§ THE DATA
fun edge_ok :: "'v mgraph \<Rightarrow> 'v \<Rightarrow> edge \<Rightarrow> 'v \<Rightarrow> bool" where
  "edge_ok G a Fwd b = ((a, b) \<in> dedges G)"
| "edge_ok G a Bwd b = ((b, a) \<in> dedges G)"
| "edge_ok G a Bi b = ((a, b) \<in> bedges G)"

(* A walk <V_1,...,V_n> is the vertex list vs (0-indexed) together with the list
   es of specified edges, es!i being the edge between vs!i and vs!(i+1). *)
definition is_walk :: "'v mgraph \<Rightarrow> 'v list \<Rightarrow> edge list \<Rightarrow> bool" where
  "is_walk G vs es \<longleftrightarrow> vs \<noteq> [] \<and> length es = length vs - 1 \<and> set vs \<subseteq> verts G
     \<and> (\<forall>i < length es. edge_ok G (vs ! i) (es ! i) (vs ! Suc i))"

definition De :: "'v mgraph \<Rightarrow> 'v \<Rightarrow> 'v set" where
  "De G v = {w. (v, w) \<in> (dedges G)\<^sup>*}"

definition blocked :: "'v mgraph \<Rightarrow> 'v set \<Rightarrow> 'v list \<Rightarrow> edge list \<Rightarrow> bool" where
  "blocked G W vs es \<longleftrightarrow>
     hd vs \<in> W \<or> last vs \<in> W \<or>
     (\<exists>i. 0 < i \<and> Suc i < length vs \<and>
        (((es ! i = Fwd \<or> es ! (i - 1) = Bwd) \<and> vs ! i \<in> W) \<or>
         ((es ! (i - 1) = Fwd \<or> es ! (i - 1) = Bi) \<and> (es ! i = Bwd \<or> es ! i = Bi)
           \<and> De G (vs ! i) \<inter> W = {})))"

definition active :: "'v mgraph \<Rightarrow> 'v set \<Rightarrow> 'v list \<Rightarrow> edge list \<Rightarrow> bool" where
  "active G W vs es \<longleftrightarrow> \<not> blocked G W vs es"

definition lastidx :: "'v list \<Rightarrow> 'v \<Rightarrow> nat" where
  "lastidx vs v = Max {i. i < length vs \<and> vs ! i = v}"

lemma lastidx_ge: "i < length vs \<Longrightarrow> i \<le> lastidx vs (vs ! i)"
  unfolding lastidx_def by (rule Max_ge) auto

function prim_from :: "'v list \<Rightarrow> edge list \<Rightarrow> nat \<Rightarrow> 'v list \<times> edge list" where
  "prim_from vs es i =
     (if length vs \<le> i then ([], [])
      else (let j = lastidx vs (vs ! i) in
            if length vs \<le> Suc j then ([vs ! i], [])
            else (case prim_from vs es (Suc j) of (us, fs) \<Rightarrow> (vs ! i # us, es ! j # fs))))"
  by pat_completeness auto
termination
  by (relation "measure (\<lambda>(vs, es, i). length vs - i)")
     (auto simp: Let_def, metis lastidx_ge diff_less_mono2 le_imp_less_Suc not_le)

definition primary_path :: "'v list \<Rightarrow> edge list \<Rightarrow> 'v list \<times> edge list" where
  "primary_path vs es = prim_from vs es 0"

end

theory Submission
  imports Defs
begin

(* Let U be an interior vertex of the primary path, entered by the walk at position p and
   left at its last occurrence q >= p.  If U blocks the primary path as a non-collider, the
   walk is blocked at q (outgoing edge U -> _) or at p (incoming edge U <- _).  If U is a
   collider of the primary path, follow the walk from p along directed edges: every vertex
   met is a descendant of U, and the first edge that is not directed forward (it exists,
   since the edge at q points into U) yields a collider of the walk none of whose
   descendants lies in W. *)

lemma
  assumes "i < length vs"
  shows lastidx_less_length: "lastidx vs (vs ! i) < length vs"
    and nth_lastidx: "vs ! lastidx vs (vs ! i) = vs ! i"
proof -
  have "lastidx vs (vs ! i) \<in> {k. k < length vs \<and> vs ! k = vs ! i}"
    unfolding lastidx_def using assms by (intro Max_in) auto
  then show "lastidx vs (vs ! i) < length vs" and "vs ! lastidx vs (vs ! i) = vs ! i"
    by auto
qed

function prim_pos :: "'v list \<Rightarrow> nat \<Rightarrow> nat list" where
  "prim_pos vs i =
     (if length vs \<le> i then []
      else (let j = lastidx vs (vs ! i) in
            if length vs \<le> Suc j then [i] else i # prim_pos vs (Suc j)))"
  by pat_completeness auto
termination
  by (relation "measure (\<lambda>(vs, i). length vs - i)")
     (auto simp: Let_def, metis lastidx_ge diff_less_mono2 le_imp_less_Suc not_le)

declare prim_from.simps [simp del] prim_pos.simps [simp del]

lemma prim_pos_final:
  "i < length vs \<Longrightarrow> length vs \<le> Suc (lastidx vs (vs ! i)) \<Longrightarrow> prim_pos vs i = [i]"
  by (simp add: prim_pos.simps[of vs i])

lemma prim_pos_step:
  "i < length vs \<Longrightarrow> Suc (lastidx vs (vs ! i)) < length vs \<Longrightarrow>
     prim_pos vs i = i # prim_pos vs (Suc (lastidx vs (vs ! i)))"
  by (simp add: prim_pos.simps[of vs i])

§ WHAT YOU SHOULD DO
Across the listing above, how many lines include the string "bool"? Answer with a single number.

§ ANSWER FOR THIS EXERCISE
4